(* Assume $\nu$ satisfies Assumption (A), $\mathcal M$ satisfies Assumption (B), let $0<\gamma<1$, $\delta_1\in(0,1)$, and assume $M_1\ge-\ln(\delta_1/C)\frac{1}{c\,\phi(\kappa_0)}$ with $\kappa_0=\frac{(1-\gamma^2)\widehat\sigma_0(\mathcal M)^2}{8K_\infty K_{\mathcal L}}$, where $\widehat\sigma_0(\mathcal M)^2=\max_{\mu\in\mathcal P}\mathrm{Var}[g_\mu(Z)]$. Then $$\mathbb{P}\Big[\mathrm{Var}\big[g_{\overline\mu_1}(Z)\mid\overline Z^{1:\infty}\big]\ge\gamma^2\max_{\mu\in\mathcal P}\mathrm{Var}\big[g_\mu(Z)\mid\overline Z^{1:\infty}\big]\Big]\ge1-\delta_1,$$ i.e. $\mathbb{P}[\overline\sigma_0(\mathcal M)\ge\gamma\widehat\sigma_0(\mathcal M)]\ge1-\delta_1$, where $\overline\sigma_0(\mathcal M)=\sqrt{\mathrm{Var}[g_{\overline\mu_1}(Z)\mid\overline Z^{1:\infty}]}$.
   Context: $Z$ is an $\mathbb{R}^d$-valued random vector with law $\nu$; $L^2_{\nu,0}(\mathbb{R}^d)=\{g\in L^2_\nu:\int g\,d\nu=0\}$, $\|g\|=\sqrt{\mathrm{Var}[g(Z)]}$. $\mathcal P\subset\mathbb{R}^p$; $f_\mu$ continuous, in $L^2_\nu$; $g_\mu=f_\mu-\mathbb{E}[f_\mu(Z)]$; $\mathcal M=\{g_\mu:\mu\in\mathcal P\}$; $d_n(\mathcal M)=\inf_{V_n}\sup_\mu\inf_{h\in V_n}\|g_\mu-h\|$ over $n$-dimensional subspaces $V_n$. $\mathcal L$: Lipschitz functions, $\|f\|_{\mathcal L}$ Lipschitz constant. For $\overline Z=(Z_k)_{k\le M}$: $\mathbb{E}_{\overline Z}(f)=\frac1M\sum_kf(Z_k)$, $\mathrm{Var}_{\overline Z}(f)=\mathbb{E}_{\overline Z}(f^2)-\mathbb{E}_{\overline Z}(f)^2$. $\overline Z^n=(Z^n_k)_{1\le k\le M_n}$, all $Z^n_k$ i.i.d. with law $\nu$ independent of $Z$, $\overline Z^{1:\infty}=(\overline Z^n)_n$. $\overline\mu_1\in\operatorname{argmax}_{\mu\in\mathcal P}\mathrm{Var}_{\overline Z^1}(g_\mu)$ with $g_{\overline\mu_1}\ne0$ (first step of the MC-greedy algorithm). Assumption (A): $\exists\alpha>1,\beta>0$ with $\int_{\mathbb{R}^d}e^{\beta|x|^\alpha}d\nu(x)<\infty$. $\phi(\kappa)=\kappa^2\mathbf 1_{\kappa\le1}+\kappa^\alpha\mathbf 1_{\kappa>1}$ ($d=1$), $(\kappa/\log(2+1/\kappa))^2\mathbf 1_{\kappa\le1}+\kappa^\alpha\mathbf 1_{\kappa>1}$ ($d=2$), $\kappa^d\mathbf 1_{\kappa\le1}+\kappa^\alpha\mathbf 1_{\kappa>1}$ ($d\ge3$). $c,C>0$ are constants (depending on $\nu,d,\alpha,\beta$; they exist under (A) by Fournier–Guillin) such that for all $M$, all i.i.d. $\overline Z=(Z_k)_{k\le M}$ of law $\nu$, all $\kappa>0$: $\mathbb{P}[\sup_{\|f\|_{\mathcal L}\le1}|\mathbb{E}[f(Z)]-\mathbb{E}_{\overline Z}(f)|\ge\kappa]\le Ce^{-cM\phi(\kappa)}$. Assumption (B): (B1) $\mathcal M$ compact in $L^2_{\nu,0}$, $K_2=\sup_\mu\|g_\mu\|<\infty$; (B2) $\mathcal M\subset\mathcal L$, $K_{\mathcal L}=\sup_\mu\|g_\mu\|_{\mathcal L}<\infty$; (B3) $\mathcal M\subset L^\infty$, $K_\infty=\sup_\mu\|g_\mu\|_{L^\infty}<\infty$; (B4) $d_n(\mathcal M)>0$ for all $n$. *)

theory Defs
  imports "HOL-Probability.Probability"
begin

* * *

What needs duplicating is the run of lines from the one containing "theory Defs" through the last line of the entries above, exact and complete.

== Your solution ==
theory Defs
  imports "HOL-Probability.Probability"
begin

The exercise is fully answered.